This value added reseller game is all about product availability and if a VAR can’t get a product a VAR can’t sell a product, and if a VAR can’t sell a product there’s no more VAR.
Or there is a VAR – a very overwrought one – one who promises a client a product
based on a vendor’s estimate of earliest possible delivery and who then hopes like heck the supplier will come through while the reseller expends a whole lot of energy on managing client expectations.
Of course whenever a vendor utters the words – “the earliest I could get it to you” – red flags should be going up all over the place. But the VAR wants that sale, and will sometimes go out on that limb. But if the vendor can’t deliver it usually results in both vendor and reseller going into the client’s bad books, often never to emerge again.

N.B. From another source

(* Let $l\ge1$, let $f\in M_{2l}(SL(2,\mathbb Z))$ be a modular form of weight $2l$, and let $\mu$ be a partition of $n$ with $p(\mu)=l$. For partitions $\mu'$ of $n$ with $p(\mu')\ge l$ put $c_\mu=1$ and $c_{\mu'}=t^\mu_{\mu'}\prod_{t=0}^{p(\mu')-l-1}(2l+t)^{-1}$ for $p(\mu')>l$. Then the element \[ F(b)=\sum_{\mu':\,|\mu'|=n,\ p(\mu')\ge l}c_{\mu'}\,b_{-\mu'}\,f^{(p(\mu')-l)}(b)\in\mathscr D^{ch}(\mathbb H), \] whose term with $\mu'=\mu$ is $b_{-\mu}f(b)$, satisfies $\pi(g)F(b)=F(b)$ for all $g\in SL(2,\mathbb Z)$.
   Context: Let $\mathbb H$ be the upper half plane and $\mathcal O(\mathbb H)$ its ring of holomorphic functions. Let $V=\mathbb C[a_{-1},a_{-2},\dots,b_0,b_{-1},\dots]$ be the vacuum module of the Heisenberg Lie algebra $[a_m,b_n]=\delta_{m,-n}C$ (with $a_m1=0$ for $m\ge0$, $b_n1=0$ for $n>0$, $C=1$), a vertex algebra with fields $a(z)=\sum a_nz^{-n-1}$, $b(z)=\sum b_nz^{-n}$. Let $\mathscr D^{ch}(\mathbb H)=V\otimes_{\mathbb C[b_0]}\mathcal O(\mathbb H)$ ($b_0\mapsto\tau$, $b=b_0$), with $Y(f,z)=\sum_{i\ge0}\frac{f^{(i)}(b)}{i!}(\sum_{n\ne0}b_nz^{-n})^i$ for $f\in\mathcal O(\mathbb H)$. For a partition $\mu=(\mu_{(1)}\ge\dots\ge\mu_{(d)}\ge1)$, $p(\mu)=d$, $|\mu|=\sum\mu_{(i)}$ and $b_{-\mu}=b_{-\mu_{(1)}}\cdots b_{-\mu_{(d)}}$; $f^{(s)}$ is the $s$-th derivative. $SL(2,\mathbb R)$ acts on the right by vertex algebra automorphisms $\pi(g)$, integrating the zero modes of $E=-a_{-1}$, $F=a_{-1}b_0^2+2b_{-1}$, $H=-2a_{-1}b_0$ via $\pi(e^x)=\exp(-x_{(0)})$; for $g=\begin{pmatrix}\alpha&\beta\\\gamma&\delta\end{pmatrix}$, $\pi(g)a_{-1}=a_{-1}(\gamma b+\delta)^2+2\gamma^2b_{-1}$ and $\pi(g)f(b)=f(\frac{\alpha b+\beta}{\gamma b+\delta})$. For each partition $\mu$ there are unique constants $t^\mu_\nu$ (for partitions $\nu$ with $|\nu|=|\mu|$, $p(\nu)\ge p(\mu)$), independent of $g$, such that for all $g\in SL(2,\mathbb R)$, $\pi(g)(b_{-\mu}\cdot1)=\sum_{\nu:\,p(\nu)\ge p(\mu)}t^\mu_\nu(-\gamma)^{p(\nu)-p(\mu)}b_{-\nu}(\gamma b+\delta)^{-p(\mu)-p(\nu)}$. $M_{2l}(SL(2,\mathbb Z))$ is the space of holomorphic modular forms of weight $2l$ for $SL(2,\mathbb Z)$. *)

theory Defs
  imports "HOL-Complex_Analysis.Complex_Analysis" "HOL-Library.Multiset"
begin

Ralph Hyatt, who left Compaq Canada to join Toshiba of Canada Information Systems Group as general manager has his work cut out for him with regards to product availability.
A senior product manager for Montreal-based Toshiba reseller Insight Canada was quoted in Computer Dealer News saying she has some customers that have been waiting since February for Toshiba notebooks and others have been waiting for accessories since last year. This isn’t anything all that new in the notebook business but it doesn’t make it any easier for VARs trying to make a buck.

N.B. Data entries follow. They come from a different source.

lemma pointed_maps_cong:
  assumes "\<And>j. j \<in> {1..k} \<Longrightarrow> L j = L' j"
  shows "pointed_maps B L k b N = pointed_maps B L' k b N"
proof -
  have "L ` {1..k} = L' ` {1..k}" using assms by (rule image_cong[OF refl])
  with assms show ?thesis unfolding pointed_maps_def by auto
qed

lemma pointed_maps_top_cong:
  assumes "\<forall>j\<in>{1..<k}. B j = B' j" "B k \<le> b" "B' k \<le> b" "L k = N"
  shows "pointed_maps B L k b N = pointed_maps B' L k b N"
proof -
  have "f ` {1..B j} \<subseteq> {1..L j} \<longleftrightarrow> f ` {1..B' j} \<subseteq> {1..L j}"
    if f: "f \<in> {1..b} \<rightarrow>\<^sub>E {1..N}" and j: "j \<in> {1..k}" for f j
  proof (cases "j = k")
    case True
    have "f ` {1..c} \<subseteq> {1..N}" if "c \<le> b" for c
      using f that by (auto simp: PiE_iff)
    with True assms(2-4) show ?thesis by simp
  next
    case False
    with j assms(1) show ?thesis by simp
  qed
  then show ?thesis unfolding pointed_maps_def
    by (intro Collect_cong conj_cong[OF refl] conj_cong[OF _ refl] ball_cong[OF refl]) auto
qed

lemma pointed_maps_Suc_iff:
  assumes B: "\<forall>j\<in>{1..k}. B j \<le> b" and g: "g \<in> extensional {1..b}"
  shows "g(Suc b := v) \<in> pointed_maps B L k (Suc b) N \<longleftrightarrow>
    v \<in> {1..N} \<and> g ` {1..b} \<subseteq> {1..N} \<and> (\<forall>j\<in>{1..k}. g ` {1..B j} \<subseteq> {1..L j}) \<and>
    insert v (g ` {1..b} \<union> L ` {1..k}) = {1..N}"
proof -
  have "g(Suc b := v) ` {1..B j} = g ` {1..B j}" if "j \<in> {1..k}" for j
  proof -
    have "B j \<le> b" using B that by blast
    then show ?thesis by (intro image_cong) auto
  qed
  moreover have "g(Suc b := v) ` {1..Suc b} = insert v (g ` {1..b})"
    by (auto simp: atLeastAtMostSuc_conv)
  moreover have "g(Suc b := v) \<in> extensional {1..Suc b}"
    using g by (auto simp: extensional_def)
  ultimately show ?thesis
    unfolding pointed_maps_def PiE_iff_image_subset by simp
qed

lemma pointed_maps_Suc_covered_eq_image:
  assumes B: "\<forall>j\<in>{1..k}. B j \<le> b"
  shows "{f \<in> pointed_maps B L k (Suc b) N. f (Suc b) \<in> f ` {1..b} \<union> L ` {1..k}} =
    (\<lambda>(g, v). g(Suc b := v)) ` (pointed_maps B L k b N \<times> {1..N})"
proof (intro equalityI subsetI)
  fix f assume f: "f \<in> {f \<in> pointed_maps B L k (Suc b) N. f (Suc b) \<in> f ` {1..b} \<union> L ` {1..k}}"
  define g where "g = f(Suc b := undefined)"
  have f_eq: "f = g(Suc b := f (Suc b))" by (simp add: g_def)
  have g_ext: "g \<in> extensional {1..b}"
    using f by (auto simp: g_def pointed_maps_def PiE_def extensional_def)
  have g_img: "g ` {1..b} = f ` {1..b}" by (auto simp: g_def)
  from f have v: "f (Suc b) \<in> {1..N}" and range: "g ` {1..b} \<subseteq> {1..N}"
    and filt: "\<forall>j\<in>{1..k}. g ` {1..B j} \<subseteq> {1..L j}"
    and "insert (f (Suc b)) (g ` {1..b} \<union> L ` {1..k}) = {1..N}"
    using pointed_maps_Suc_iff[OF B g_ext, of "f (Suc b)" L N] f_eq by auto
  with f g_img have "g ` {1..b} \<union> L ` {1..k} = {1..N}" by (simp add: insert_absorb)
  with range filt g_ext have "g \<in> pointed_maps B L k b N"
    by (simp add: pointed_maps_def PiE_iff_image_subset)
  with v show "f \<in> (\<lambda>(g, v). g(Suc b := v)) ` (pointed_maps B L k b N \<times> {1..N})"
    using f_eq by (auto intro!: image_eqI[where x = "(g, f (Suc b))"])
next
  fix f assume "f \<in> (\<lambda>(g, v). g(Suc b := v)) ` (pointed_maps B L k b N \<times> {1..N})"
  then obtain g v where f: "f = g(Suc b := v)" and g: "g \<in> pointed_maps B L k b N"
    and v: "v \<in> {1..N}"
    by auto
  from g have "g ` {1..b} \<subseteq> {1..N}" "\<forall>j\<in>{1..k}. g ` {1..B j} \<subseteq> {1..L j}"
    and cover: "g ` {1..b} \<union> L ` {1..k} = {1..N}"
    by (auto simp: pointed_maps_def PiE_iff_image_subset)
  with v have "f \<in> pointed_maps B L k (Suc b) N"
    unfolding f by (simp add: pointed_maps_Suc_iff[OF B extensional_pointed_maps[OF g]] insert_absorb)
  moreover have "f ` {1..b} = g ` {1..b}" by (auto simp: f)
  moreover have "f (Suc b) \<in> g ` {1..b} \<union> L ` {1..k}"
    unfolding cover using v by (simp add: f)
  ultimately show "f \<in> {f \<in> pointed_maps B L k (Suc b) N. f (Suc b) \<in> f ` {1..b} \<union> L ` {1..k}}"
    by blast
qed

Meanwhile, Denver-based software distributor Alternative Technology Inc. has opened an office and warehouse in Mississauga, Ont., so that Canadian VARs can get their products more easily and do so using Canadian dollars and avoiding cross border duties. Granted, Alternative does not deal in complex hardware such as notebooks, servers, PCs, printers and disk drives. In fact a number of its bandwidth management software products are available for download online via a product key code. The problem for manufacturers such as Tosihba is you can’t download a notebook. Not yet anyway.
Ron Tatum, the founder, president and CEO of Alternative says “We do not sell on price or exclusivity. We sell on making our customers more money.”
Can’t argue with that. We’ll keep an eye on the Mississauga newbies who were bold enough to make the expansion northward during this economic downturn.
Or is it a downturn? The Canadian economy is reported to be barging ahead.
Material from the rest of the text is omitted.